Revue hebdomadaire des principaux facteurs influençant les marchés financiers.

Nicolas Blanc, Responsable de l’Allocation chez Ellipsis AM

Goldilocks, édition 2018

Le conte des trois ours, qui a servi de métaphore pour l’environnement d’investissement ces dernières années, a fortement varié dans son dénouement. Si les versions actuelles sont plutôt clémentes pour l’héroïne fautive, elle se casse le cou en s’enfuyant dans les versions anciennes, terrifiée par les trois ours. Or, sur les marchés également, le dénouement approche inexorablement: il ne fait pas de doute que le contexte particulièrement favorable de 2017 – croissance au dessus du potentiel et politique monétaire globalement expansionniste – ne pourra se maintenir longtemps. Deux questions demeurent cependant ouvertes: qu’est-ce que «longtemps» ? Et à quoi ressemblera la suite ?

Sur la première, il nous semble que le momentum visible en cette fin d’année (activité synchronisée, reprise de l’investissement productif) permet d’être assez confiant sur une croissance toujours solide en 2018. Sur l’inflation, les comportements ayant conduit à la situation actuelle (la relation entre chômage et salaires, la formation des prix du pétrole) seront lents à évoluer et la probabilité d’une flambée de l’inflation apparait donc limitée.

Sur la seconde question, on peut tabler – avec, bien sûr, l’information dont on dispose aujourd’hui – sur un atterrissage assez doux, là encore, en raison de la réaction mesurée de l’inflation ainsi que du contrôle prudentiel du secteur financier. Pour autant, il faudra bien finir par encaisser une baisse de la croissance d’au-moins un point et un retour à des taux réels positifs, deux éléments qui pèseront certainement sur la rentabilité des actifs mais pas nécessairement dès l’année prochaine.

 

La Fed suit son bonhomme de chemin

La Fed a procédé, comme elle l’avait clairement laissé entendre au préalable, à une hausse de 25bp de ses taux directeurs. De fait, rien dans la série des chiffres économiques publiés avant le FOMC n’était de nature à réviser négativement ses projections macroéconomiques. Au contraire, la Fed a accru nettement ses estimations de croissance, pour un total de 0,8 points sur la période 2017-2020, dont 0,4 pour 2018. Sur la même période, le taux de chômage est désormais attendu 0,2 points plus bas, une situation évidemment de plein-emploi. Avec une hausse de l’emploi désormais contrainte, la Fed attribue le gain de croissance en 2018 à un effet de productivité devant résulter de la reprise observée de l’investissement des entreprises.

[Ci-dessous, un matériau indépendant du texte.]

lemma iter_int_eigen:
  assumes inv: "inverse_pair f g"
    and "rfun_hom f" "rfun_hom g" "c \<noteq> 0" "f c = c" "f x = c * x"
  shows "iter_int f g n x = c powi n * x"
proof -
  have "g (f c) = c" "g (f x) = x"
    using inverse_pair.inverse_comp[OF inv] by (simp_all add: pointfree_idE)
  then have gc: "g c = c" and gx: "g x = inverse c * x"
    using assms(4-6) by (simp_all add: rfun_hom.hom_mult[OF assms(3)] field_simps)
  show ?thesis
  proof (induction n rule: int_induct[where k = 0])
    case base
    then show ?case by (simp add: inverse_pair.iter_int_0[OF inv])
  next
    case (step1 i)
    then show ?case
      using assms(5,6) by (simp add: inverse_pair.iter_int_succ[OF inv] rfun_hom.hom_mult[OF assms(2)]
          rfun_hom.hom_powi[OF assms(2)] power_int_add)
  next
    case (step2 i)
    then show ?case
      using assms(4) gc gx by (simp add: inverse_pair.iter_int_pred[OF inv] rfun_hom.hom_mult[OF assms(3)]
          rfun_hom.hom_powi[OF assms(3)] power_int_diff field_simps)
  qed
qed

lemma rfun_hom_iter_int:
  "inverse_pair f g \<Longrightarrow> rfun_hom f \<Longrightarrow> rfun_hom g \<Longrightarrow> rfun_hom (iter_int f g n)"
  by (rule inverse_pair.iter_int_induct; (rule rfun_hom_id rfun_hom_comp | assumption)+)
lemma const_holo_sec_curv_iff_holo_defect_eq_0:
  fixes R :: "'d::finite \<Rightarrow> 'd \<Rightarrow> 'd \<Rightarrow> 'd \<Rightarrow> real"
  assumes K: "kaehler_curvature R J"
  shows "const_holo_sec_curv R J (4 * scalar_curv R / (real CARD('d) * (real CARD('d) + 2)))
    \<longleftrightarrow> tensor_inner (holo_defect R J) (holo_defect R J) = 0"
proof -
  define \<nu> where "\<nu> = scalar_curv R / (real CARD('d) * (real CARD('d) + 2))"
  have H: "hermitian_structure J" by (rule kaehler_hermitian[OF K])
  have KD: "kaehler_curvature (holo_defect R J) J"
    unfolding holo_defect_def by (rule kaehler_curvature_diff_scale[OF K holo_model_kaehler[OF H]])
  have holo_D: "Rform (holo_defect R J) x (J x) (J x) x = Rform R x (J x) (J x) x - 4 * \<nu> * norm x ^ 4" for x
    unfolding holo_defect_def \<nu>_def[symmetric] Rform_tensor_diff_scale Rform_holo_model[OF H]
    by (simp add: holo_model_form_holomorphic[OF H])
  have "const_holo_sec_curv R J (4 * \<nu>) \<longleftrightarrow> (\<forall>x. Rform (holo_defect R J) x (J x) (J x) x = 0)"
    unfolding const_holo_sec_curv_def holo_D by simp
  also have "\<dots> \<longleftrightarrow> (\<forall>a b c d. holo_defect R J a b c d = 0)"
  proof
    assume "\<forall>x. Rform (holo_defect R J) x (J x) (J x) x = 0"
    then show "\<forall>a b c d. holo_defect R J a b c d = 0"
      using curvature_tensor_eq_0_if_sectional_0[OF kaehler_curvature_tensor[OF KD]]
        kaehler_sectional_0_if_holomorphic_0[OF KD] by blast
  next
    assume "\<forall>a b c d. holo_defect R J a b c d = 0"
    then have "holo_defect R J = (\<lambda>a b c d. 0)" by (intro ext) simp
    then show "\<forall>x. Rform (holo_defect R J) x (J x) (J x) x = 0" by (simp add: Rform_tensor_zero)
  qed
  finally show ?thesis
    unfolding tensor_inner_self_eq_0_iff \<nu>_def by (simp add: mult.assoc)
qed

lemma quartic_relation_elimination:
  fixes n L1 L2 N D :: real
  assumes n: "n > 0" and quartic: "4 * n * L1^2 + 3 * N = L2 * (8 * n * (n + 1))"
    and defect: "N = D + 8 * n * L1^2 / (n + 1)"
  shows "L1^2 - 2 * (n + 1)^2 / (n + 7) * L2 = - (3 * (n + 1) / (4 * n * (n + 7))) * D"
proof -
  define b c where "b = n + 1" and "c = n + 7"
  have nz: "b \<noteq> 0" "c \<noteq> 0" "n \<noteq> 0" using n unfolding b_def c_def by simp_all
  have L2: "L2 = (4 * n * L1^2 + 3 * N) / (8 * n * b)"
    using quartic nz unfolding b_def[symmetric] by (simp add: eq_divide_eq)
  show ?thesis
    unfolding L2 defect b_def[symmetric] c_def[symmetric] using nz
    by (simp add: field_simps) (simp add: b_def c_def algebra_simps power2_eq_square)
qed

lemma asymptotic_harmonic2_holo_defect_identity:
  fixes R :: "('p,'d::finite) curv"
  assumes ah: "asymptotic_harmonic2 M R L1 L2" and p: "p \<in> M"
    and K: "kaehler_curvature (R p) J" and dim: "CARD('d) = 2 * n"
  shows "L1\<^sup>2 - 2 * (real n + 1)\<^sup>2 / (real n + 7) * L2 =
    - (3 * (real n + 1) / (4 * real n * (real n + 7))) * tensor_inner (holo_defect (R p) J) (holo_defect (R p) J)"
proof -
  have C: "curvature_tensor (R p)" by (rule kaehler_curvature_tensor[OF K])
  have n: "real n > 0" using dim by (metis of_nat_0_less_iff zero_less_card_finite nat_0_less_mult_iff)
  have m: "real CARD('d) = 2 * real n" using dim by simp
  have nz: "real n \<noteq> 0" "real n + 1 \<noteq> 0" "real n + 7 \<noteq> 0" using n by simp_all
  have L: "\<forall>x::real^'d. (\<Sum>a\<in>UNIV. Rform (R p) (frame a) x x (frame a)) = L1 * norm x ^ 2"
    and Q: "\<forall>x::real^'d. jacobi_sq_trace (R p) x = L2 * norm x ^ 4"
    using ah p unfolding asymptotic_harmonic2_def jacobi_sq_trace_def by blast+
  have Ric: "\<And>i j. (\<Sum>a\<in>UNIV. R p a i j a) = (if i = j then L1 else 0)"
    by (rule ricci_eq_delta[OF C L])
  define N where "N = tensor_inner (R p) (R p)"
  define D where "D = tensor_inner (holo_defect (R p) J) (holo_defect (R p) J)"
  have quartic: "4 * real n * L1^2 + 3 * N = L2 * (8 * real n * (real n + 1))"
    using quartic_trace_identity[OF C Ric Q] unfolding m N_def by (simp add: algebra_simps power2_eq_square)
  have defect: "N = D + 8 * real n * L1^2 / (real n + 1)"
  proof -
    have "8 * (2 * real n * L1)^2 = (4 * real n) * (8 * real n * L1^2)"
      and "2 * real n * (2 * real n + 2) = (4 * real n) * (real n + 1)"
      by (simp_all add: power2_eq_square algebra_simps)
    then have "8 * (2 * real n * L1)^2 / (2 * real n * (2 * real n + 2)) = 8 * real n * L1^2 / (real n + 1)"
      using nz by (simp only: mult_divide_mult_cancel_left)
    then show ?thesis
      using tensor_inner_holo_defect[OF K]
      unfolding scalar_curv_eq_if_ricci_eq_delta[of "R p" L1, OF Ric] m N_def[symmetric] D_def[symmetric]
      by (simp add: mult.assoc)
  qed
  show ?thesis
    using quartic_relation_elimination[OF n quartic defect] unfolding D_def .
qed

En revanche, Janet Yellen a réitéré son opinion que les effets à attendre de la réforme fiscale seront limités. En dépit de cet optimisme sur l’activité, les prévisions d’inflation restent inchangées, ainsi que la séquence attendue des hausses de taux (sauf en 2020, où elles ont été rehaussées). De même, les éléments tendanciels – croissance et chômage à long-terme – restent à 1,8% et 4,6%, respectivement. La Fed s’autorise donc à maintenir le même cap et à offrir des conditions financières accommodantes à l’économie, considérant que des forces dépressives pèsent toujours sur l’inflation et que le retour de la courbe de Phillips n’est pas à craindre dans l’immédiat. Le marché a d’ailleurs accueilli cette décision de «hausse dovish» avec une baisse des taux longs. Les plans déjà annoncés pour la réduction du bilan sont maintenus, de sorte que le rythme va bien passer à 20Mds/mois (maximum) au T1 2018. On notera que deux membres dovish se sont opposés à la décision mais ils seront remplacés l’année prochaine au sein du FOMC. Avec la prise de fonction de J. Powell en début d’année, aucune inflexion significative n’est à craindre.